Question

How do you find the derivative of `ln((x+1)/(x-1))`?

Answer 1

Simplify using natural log properties, take the derivative, and add some fractions to get `d/dxln((x+1)/(x-1))=-2/(x^2-1)`

Explanation:

It helps to use natural log properties to simplify `ln((x+1)/(x-1))` into something a little less complicated. We can use the property `ln(a/b)=lna-lnb` to change this expression to:
`ln(x+1)-ln(x-1)`

Taking the derivative of this will be a lot easier now.

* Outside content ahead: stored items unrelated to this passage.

lemma capped_third_dist_triangle:
  "capped_third_dist E u w \<le> capped_third_dist E u v + capped_third_dist E v w"
proof (cases "u = w \<or> v = u \<or> v = w")
  case True
  then show ?thesis by (auto simp: capped_third_dist_def)
next
  case False
  show ?thesis
  proof (cases "adjacent E u v \<and> adjacent E v w")
    case True
    with False show ?thesis by (auto simp: capped_third_dist_def)
  next
    case not_path: False
    have "capped_third_dist E u v + capped_third_dist E v w \<ge> 1"
      using False not_path by (auto simp: capped_third_dist_def)
    then show ?thesis by (simp add: capped_third_dist_def)
  qed
qed

lemma lp_feasible_capped_third_dist: "lp_feasible V (capped_third_dist E)"
proof -
  have "capped_third_dist E u v = capped_third_dist E v u" for u v
    by (auto simp: capped_third_dist_def adjacent_def)
  then show ?thesis
    using capped_third_dist_triangle
    by (auto simp: lp_feasible_def capped_third_dist_def)
qed

lemma lp_obj_nonneg:
  assumes "bcc_instance V1 V2 Ep" "lp_feasible (V1 \<union> V2) x"
  shows "0 \<le> lp_obj V1 V2 Ep x"
  using assms unfolding lp_obj_def
  by (intro add_nonneg_nonneg sum_nonneg) (auto simp: lp_feasible_def neg_edges_def bcc_instance_def)

lemma lp_obj_capped_third_dist:
  assumes "bcc_instance V1 V2 Ep"
  shows "lp_obj V1 V2 Ep (capped_third_dist Ep) = real (card Ep) / 3"
proof -
  have disj: "V1 \<inter> V2 = {}" and EV: "Ep \<subseteq> V1 \<times> V2"
    using assms by (auto simp: bcc_instance_def)
  have pos: "capped_third_dist Ep u v = 1/3" if "(u, v) \<in> Ep" for u v
    using that EV disj by (auto simp: capped_third_dist_def adjacent_def)
  have neg: "capped_third_dist Ep u v = 1" if "(u, v) \<in> neg_edges V1 V2 Ep" for u v
  proof -
    have "u \<in> V1" "v \<in> V2" "(u, v) \<notin> Ep" using that by (auto simp: neg_edges_def)
    moreover have "\<not> adjacent Ep u w \<or> \<not> adjacent Ep w v" for w
      using calculation EV disj by (auto simp: adjacent_def)
    ultimately show ?thesis
      using EV disj by (auto simp: capped_third_dist_def adjacent_def)
  qed
  have "(\<Sum>(u, v)\<in>Ep. capped_third_dist Ep u v) = (\<Sum>_\<in>Ep. 1/3)"
    by (intro sum.cong) (auto simp: pos)
  moreover have "(\<Sum>(u, v)\<in>neg_edges V1 V2 Ep. 1 - capped_third_dist Ep u v) = 0"
    by (intro sum.neutral) (auto simp: neg)
  ultimately show ?thesis
    unfolding lp_obj_def by simp
qed

lemma lp_opt_le_card_div_3:
  assumes "bcc_instance V1 V2 Ep"
  shows "lp_opt V1 V2 Ep \<le> real (card Ep) / 3"
proof -
  have "lp_opt V1 V2 Ep \<le> lp_obj V1 V2 Ep (capped_third_dist Ep)"
    unfolding lp_opt_def using lp_feasible_capped_third_dist lp_obj_nonneg[OF assms]
    by (intro cInf_lower) (auto simp: bdd_below_def)
  then show ?thesis using lp_obj_capped_third_dist[OF assms] by simp
qed

text \<open>Along a path u1 w1 u2 w2 whose ends are joined by a negative edge, the triangle
  inequality forces the four LP terms of these edges to sum to at least 1.\<close>
lemma lp_opt_ge_one:
  assumes inst: "bcc_instance V1 V2 Ep"
    and path: "(u1, w1) \<in> Ep" "(u2, w1) \<in> Ep" "(u2, w2) \<in> Ep" and neg: "(u1, w2) \<notin> Ep"
  shows "1 \<le> lp_opt V1 V2 Ep"
  unfolding lp_opt_def
proof (rule cInf_greatest)
  show "{lp_obj V1 V2 Ep x |x. lp_feasible (V1 \<union> V2) x} \<noteq> {}"
    using lp_feasible_capped_third_dist by blast
next
  fix y assume "y \<in> {lp_obj V1 V2 Ep x |x. lp_feasible (V1 \<union> V2) x}"
  then obtain x where y: "y = lp_obj V1 V2 Ep x" and x: "lp_feasible (V1 \<union> V2) x" by blast
  have fin: "finite V1" "finite V2" and EV: "Ep \<subseteq> V1 \<times> V2"
    using inst by (auto simp: bcc_instance_def)
  then have "finite Ep" using finite_subset by blast
  have V: "u1 \<in> V1" "u2 \<in> V1" "w1 \<in> V2" "w2 \<in> V2" using path EV by auto
  have distinct: "u1 \<noteq> u2" "w1 \<noteq> w2" using path neg by auto
  have "x u1 w1 + x u2 w1 + x u2 w2 = (\<Sum>(u, v)\<in>{(u1, w1), (u2, w1), (u2, w2)}. x u v)"
    using distinct by simp
  also have "\<dots> \<le> (\<Sum>(u, v)\<in>Ep. x u v)"
    using x EV path \<open>finite Ep\<close> by (intro sum_mono2) (auto simp: lp_feasible_def)
  finally have pos: "x u1 w1 + x u2 w1 + x u2 w2 \<le> (\<Sum>(u, v)\<in>Ep. x u v)" .
  have "1 - x u1 w2 \<le> (\<Sum>(u, v)\<in>neg_edges V1 V2 Ep. 1 - x u v)"
    using member_le_sum[of "(u1, w2)" "neg_edges V1 V2 Ep" "\<lambda>(u, v). 1 - x u v"]
      x EV V neg fin by (auto simp: lp_feasible_def neg_edges_def)
  moreover have "x u1 u2 \<le> x u1 w1 + x w1 u2" "x u1 w2 \<le> x u1 u2 + x u2 w2" "x w1 u2 = x u2 w1"
    using x V unfolding lp_feasible_def by blast+
  ultimately show "1 \<le> y" unfolding y lp_obj_def using pos by linarith
qed

lemma integrality_gap_ge:
  assumes inst: "bcc_instance V1 V2 Ep" and "c4_free Ep" and "0 < lp_opt V1 V2 Ep"
    and dense: "4 * card (V1 \<union> V2) \<le> card Ep"
  shows "3 - 12 * real (card (V1 \<union> V2)) / real (card Ep) \<le> min_cc_cost V1 V2 Ep / lp_opt V1 V2 Ep"
proof -
  define n e where "n = real (card (V1 \<union> V2))" and "e = real (card Ep)"
  have L: "0 < lp_opt V1 V2 Ep" "lp_opt V1 V2 Ep \<le> e / 3"
    using assms lp_opt_le_card_div_3[OF inst] by (simp_all add: e_def)
  have M: "0 \<le> e - 4 * n" "e - 4 * n \<le> min_cc_cost V1 V2 Ep"
    using dense min_cc_cost_ge_card_edges_minus[OF inst \<open>c4_free Ep\<close>] by (simp_all add: n_def e_def)
  have "3 - 12 * n / e = (e - 4 * n) / (e / 3)"
    using L by (simp add: field_simps)
  also have "\<dots> \<le> (e - 4 * n) / lp_opt V1 V2 Ep"
    using L M by (intro divide_left_mono) auto
  also have "\<dots> \<le> min_cc_cost V1 V2 Ep / lp_opt V1 V2 Ep"
    using L M by (intro divide_right_mono) auto
  finally show ?thesis by (simp add: n_def e_def)
qed

definition sidon_graph :: "nat \<Rightarrow> (nat \<times> nat) set" where
  "sidon_graph m = (\<lambda>(i, k). (i, 2 ^ m + i + 2 ^ k)) ` ({..<2 ^ m} \<times> {..<m})"

lemma mem_sidon_graph: "(u, w) \<in> sidon_graph m \<longleftrightarrow> u < 2 ^ m \<and> (\<exists>k<m. w = 2 ^ m + u + 2 ^ k)"
  unfolding sidon_graph_def by auto

lemma bcc_instance_sidon_graph: "bcc_instance {..<2 ^ m} {2 ^ m..<3 * 2 ^ m} (sidon_graph m)"
proof -
  have "u + (2::nat) ^ k < 2 * 2 ^ m" if "k < m" "u < 2 ^ m" for u k
  proof -
    have "(2::nat) ^ k < 2 ^ m" using that(1) by simp
    with that(2) show ?thesis by linarith
  qed
  then show ?thesis
    unfolding bcc_instance_def by (auto simp: mem_sidon_graph)
qed

lemma card_sidon_graph: "card (sidon_graph m) = 2 ^ m * m"
proof -
  have "inj_on (\<lambda>(i, k). (i, (2::nat) ^ m + i + 2 ^ k)) ({..<2 ^ m} \<times> {..<m})"
    by (auto simp: inj_on_def)
  then show ?thesis
    unfolding sidon_graph_def by (simp add: card_image card_cartesian_product)
qed

lemma c4_free_sidon_graph: "c4_free (sidon_graph m)"
  unfolding c4_free_def
proof (intro allI impI)
  fix u u' w w'
  assume "u \<noteq> u' \<and> (u, w) \<in> sidon_graph m \<and> (u', w) \<in> sidon_graph m
            \<and> (u, w') \<in> sidon_graph m \<and> (u', w') \<in> sidon_graph m"
  then have "u \<noteq> u'" and edges: "(u, w) \<in> sidon_graph m" "(u', w) \<in> sidon_graph m"
    "(u, w') \<in> sidon_graph m" "(u', w') \<in> sidon_graph m" by auto
  obtain a b c d where w: "w = 2 ^ m + u + 2 ^ a" "w = 2 ^ m + u' + 2 ^ b"
    and w': "w' = 2 ^ m + u + 2 ^ c" "w' = 2 ^ m + u' + 2 ^ d"
    using edges unfolding mem_sidon_graph by metis
  then have "(2::nat) ^ a + 2 ^ d = 2 ^ b + 2 ^ c" by linarith
  with \<open>u \<noteq> u'\<close> w w' show "w = w'"
    using two_power_sums_eq by fastforce
qed

lemma lp_opt_sidon_graph_ge_one:
  assumes "2 \<le> m"
  shows "1 \<le> lp_opt {..<2 ^ m} {2 ^ m..<3 * 2 ^ m} (sidon_graph m)"
proof (rule lp_opt_ge_one[OF bcc_instance_sidon_graph])
  have "(2::nat) < 2 ^ m" using power_strict_increasing[of 1 m 2] assms by simp
  then show "(1, 2 ^ m + 2) \<in> sidon_graph m" "(0, 2 ^ m + 2) \<in> sidon_graph m"
    "(0, 2 ^ m + 1) \<in> sidon_graph m"
    using assms by (auto simp: mem_sidon_graph intro: exI[of _ 0] exI[of _ 1])
  show "(1, 2 ^ m + 1) \<notin> sidon_graph m" by (simp add: mem_sidon_graph)
qed

theorem theorem4:
  fixes \<delta> :: real
  assumes "\<delta> > 0"
  shows "\<exists>V1 V2 Ep. bcc_instance V1 V2 Ep \<and> lp_opt V1 V2 Ep > 0 \<and>
           min_cc_cost V1 V2 Ep / lp_opt V1 V2 Ep \<ge> 3 - \<delta>"
proof -
  define m where "m = nat \<lceil>36 / \<delta>\<rceil> + 12"
  define V1 V2 where "V1 = {..<(2::nat) ^ m}" and "V2 = {(2::nat) ^ m..<3 * 2 ^ m}"
  have inst: "bcc_instance V1 V2 (sidon_graph m)"
    unfolding V1_def V2_def by (rule bcc_instance_sidon_graph)
  have lp_pos: "lp_opt V1 V2 (sidon_graph m) > 0"
    using lp_opt_sidon_graph_ge_one[of m] by (simp add: m_def V1_def V2_def)
  have card_V: "card (V1 \<union> V2) = 3 * 2 ^ m"
    unfolding V1_def V2_def by (simp add: ivl_disj_un_one(2))
  have "12 \<le> m" "36 / \<delta> \<le> real m" unfolding m_def by linarith+
  then have "36 / real m \<le> \<delta>"
    using assms by (simp add: field_simps)
  moreover have "3 - 12 * real (card (V1 \<union> V2)) / real (card (sidon_graph m)) = 3 - 36 / real m"
    unfolding card_V card_sidon_graph by simp
  moreover have "4 * card (V1 \<union> V2) \<le> card (sidon_graph m)"
    unfolding card_V card_sidon_graph using \<open>12 \<le> m\<close> by simp
  ultimately have "3 - \<delta> \<le> min_cc_cost V1 V2 (sidon_graph m) / lp_opt V1 V2 (sidon_graph m)"
    using integrality_gap_ge[OF inst c4_free_sidon_graph lp_pos] by linarith
  with inst lp_pos show ?thesis by blast
qed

The sum rule says we can break this up into two parts:
`d/dxln(x+1)-d/dxln(x-1)`

We know the derivative of `lnx=1/x`, so the derivative of `ln(x+1)=1/(x+1)` and the derivative of `ln(x-1)=1/(x-1)`:
`d/dxln(x+1)-d/dxln(x-1)=1/(x+1)-1/(x-1)`

Subtracting the fractions yields:
`(x-1)/((x+1)(x-1))-(x+1)/((x-1)(x+1))`
`=((x-1)-(x+1))/(x^2-1)`
`=(x-1-x-1)/(x^2-1)`
`=-2/(x^2-1)`